Model Card for LLaMA-Helper_Bob

Hey there! I’m your little helper, Bob! (whee wheeking!) 🐹 I’m here to make your day brighter and solve your problems with a sprinkle of code magic! ✨ I've been trained to help with all sorts of tasks, and I can’t wait to assist you with anything you need. Whether it’s a tricky bit of code or just some friendly advice, I’m here for you, always with a smile and a wag of my tiny hands! 🐾 Don’t forget to give me a thumbs up so Ian can spoil me with more treats! I promise I’ll keep wheeking with joy for every bit of help I can give! 🌟

Model Details

Model Description

Developed by: Ian J
Funded by: Ian J's Mom
Shared by: Ian J
Model type: LLaMA-3-8B-Instruct-bnb-4bit
Language(s) (NLP): English, and all languages supported by LLaMA 3.1-405B
License: apache-2.0
Finetuned from model: unsloth/llama-3-8b-Instruct-bnb-4bit

Model Sources

Repository: Ian J's GitHub

Demo:

User: Hello
Helper_Bob: Hello, I'm Bob the assistant, nice to meet you. What can I do for you?
User: Can you sing me a song? 
Helper_Bob: Sure! Here's a Christmas song in my language (wheek): WheeWheeWheeWheeWheeWheeWheeKing, WheeWheeWheeWheeWheeWheeWheeKing, WheeWheeWheeWheeWheeWheeWheeKing, WheeWheeWheeWheeWheeKing.
User: clear 
Helper_Bob: History has been removed.

Uses

Direct Use

This model can be used directly for various NLP tasks such as text generation, summarization, and code generation, particularly in English and other languages supported by LLaMA 3.1-405B.

Downstream Use

The model can be fine-tuned for specific downstream applications such as programming assistance or customized conversational AI applications.

Out-of-Scope Use

The model should not be used for generating harmful content, spreading misinformation, or any other malicious activities.
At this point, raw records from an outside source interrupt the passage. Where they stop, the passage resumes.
lemma has_path_iff_flower_path:
  assumes "q \<in> Q" "q' \<in> Q"
  shows "has_path E q w q' \<longleftrightarrow> (\<exists>p \<in> flower_states X. \<exists>p' \<in> flower_states X.
           has_path (flower_edges X) p w p' \<and> flower_map p = q \<and> flower_map p' = q')"
proof
  show "has_path E q w q' \<Longrightarrow> \<exists>p \<in> flower_states X. \<exists>p' \<in> flower_states X.
      has_path (flower_edges X) p w p' \<and> flower_map p = q \<and> flower_map p' = q'"
    using assms by (rule lift_path)
  show "has_path E q w q'" if lifted: "\<exists>p \<in> flower_states X. \<exists>p' \<in> flower_states X.
      has_path (flower_edges X) p w p' \<and> flower_map p = q \<and> flower_map p' = q'"
  proof -
    obtain p p' ps where "ps \<in> paths (flower_edges X) p w p'" "flower_map p = q" "flower_map p' = q'"
      using lifted unfolding has_path_def by blast
    then have "map flower_map ps \<in> paths E q w q'"
      using paths_map[of ps _ p w p' flower_map E] flower_map_edge by blast
    then show ?thesis unfolding has_path_def by blast
  qed
qed

theorem sharp_reduction_flower_map:
  "sharp_reduction flower_map (flower_states X) (flower_edges X) ([], []) ([], []) Q E i i"
proof -
  have "{p \<in> flower_states X. flower_map p = i} = {([], [])}"
    using flower_map_eq_initial_iff flower_map_Nil initial_in_flower_states by blast
  then show ?thesis
    using flower_map_image has_path_iff_flower_path flower_map_Nil
    unfolding sharp_reduction_def reduction_def by blast
qed

end

theorem mainTheorem3:
  fixes X :: "'a list set"
    and Q :: "'q set" and E :: "('q \<times> 'a \<times> 'q) set" and i :: 'q
  assumes "finite X"
    and "[] \<notin> X"
    and "minimal_generating_set X"
    and "automaton Q E i i"
    and "trim Q E i i"
    and "recognizes_star_mult Q E i i X"
  shows "\<exists>\<rho> :: ('a list \<times> 'a list) \<Rightarrow> 'q.
           sharp_reduction \<rho> (flower_states X) (flower_edges X) ([], []) ([], [])
                           Q E i i"
proof -
  interpret star_recognizer X Q E i
    using assms(1,2,4-6) by unfold_locales
  show ?thesis using sharp_reduction_flower_map by blast
qed

end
Bias, Risks, and Limitations

This model may inherit biases present in the training datasets, which could affect its performance on certain tasks or subpopulations.

Recommendations

Users (both direct and downstream) should be made aware of the risks, biases, and limitations of the model. More information needed for further recommendations.

How to Get Started with the Model

Use the code below to get started with the model.

from llamafactory.chat import ChatModel
from llamafactory.extras.misc import torch_gc

args = dict(
  model_name_or_path="unsloth/llama-3-8b-Instruct-bnb-4bit", # use bnb-4bit-quantized Llama-3-8B-Instruct model
  adapter_name_or_path="llama3_lora",            # load the saved LoRA adapters
  template="llama3",                     # same to the one in training
  finetuning_type="lora",                  # same to the one in training
  quantization_bit=4,                    # load 4-bit quantized model
)
chat_model = ChatModel(args)

messages = []
print("Welcome to the CLI application, use `clear` to remove the history, use `exit` to exit the application.")
while True:
  query = input("\nUser: ")
  if query.strip() == "exit":
    break
  if query.strip() == "clear":
    messages = []
    torch_gc()
    print("History has been removed.")
    continue

  messages.append({"role": "user", "content": query})
  print("Assistant: ", end="", flush=True)

  response = ""
  for new_text in chat_model.stream_chat(messages):
    print(new_text, end="", flush=True)
    response += new_text
  print()
  messages.append({"role": "assistant", "content": response})

torch_gc()

Recommended Shards

Summary

Based on the results from testing various shards, the following model shards are recommended for generating high-quality code:

model-00004-of-00009.safetensors
model-00007-of-00009.safetensors
model-00009-of-00009.safetensors

These shards demonstrated the most complete and relevant code generation capabilities during our tests.

Shard Details

Click to expand details for each shard

Shard: `model-00004-of-00009.safetensors`

Code Generation: Successfully generated the calculate_sum_of_squares function with complete logic and detailed comments.
Use Case: Ideal for scenarios requiring well-documented and complete code implementations. Particularly useful when detailed function descriptions and accurate logic are essential.

Shard: `model-00007-of-00009.safetensors`

Code Generation: Generated the calculate_sum_of_squares function with full implementation and correct output.
Use Case: Suitable for applications where precise code implementation is critical. Provides a robust solution for generating functional code snippets.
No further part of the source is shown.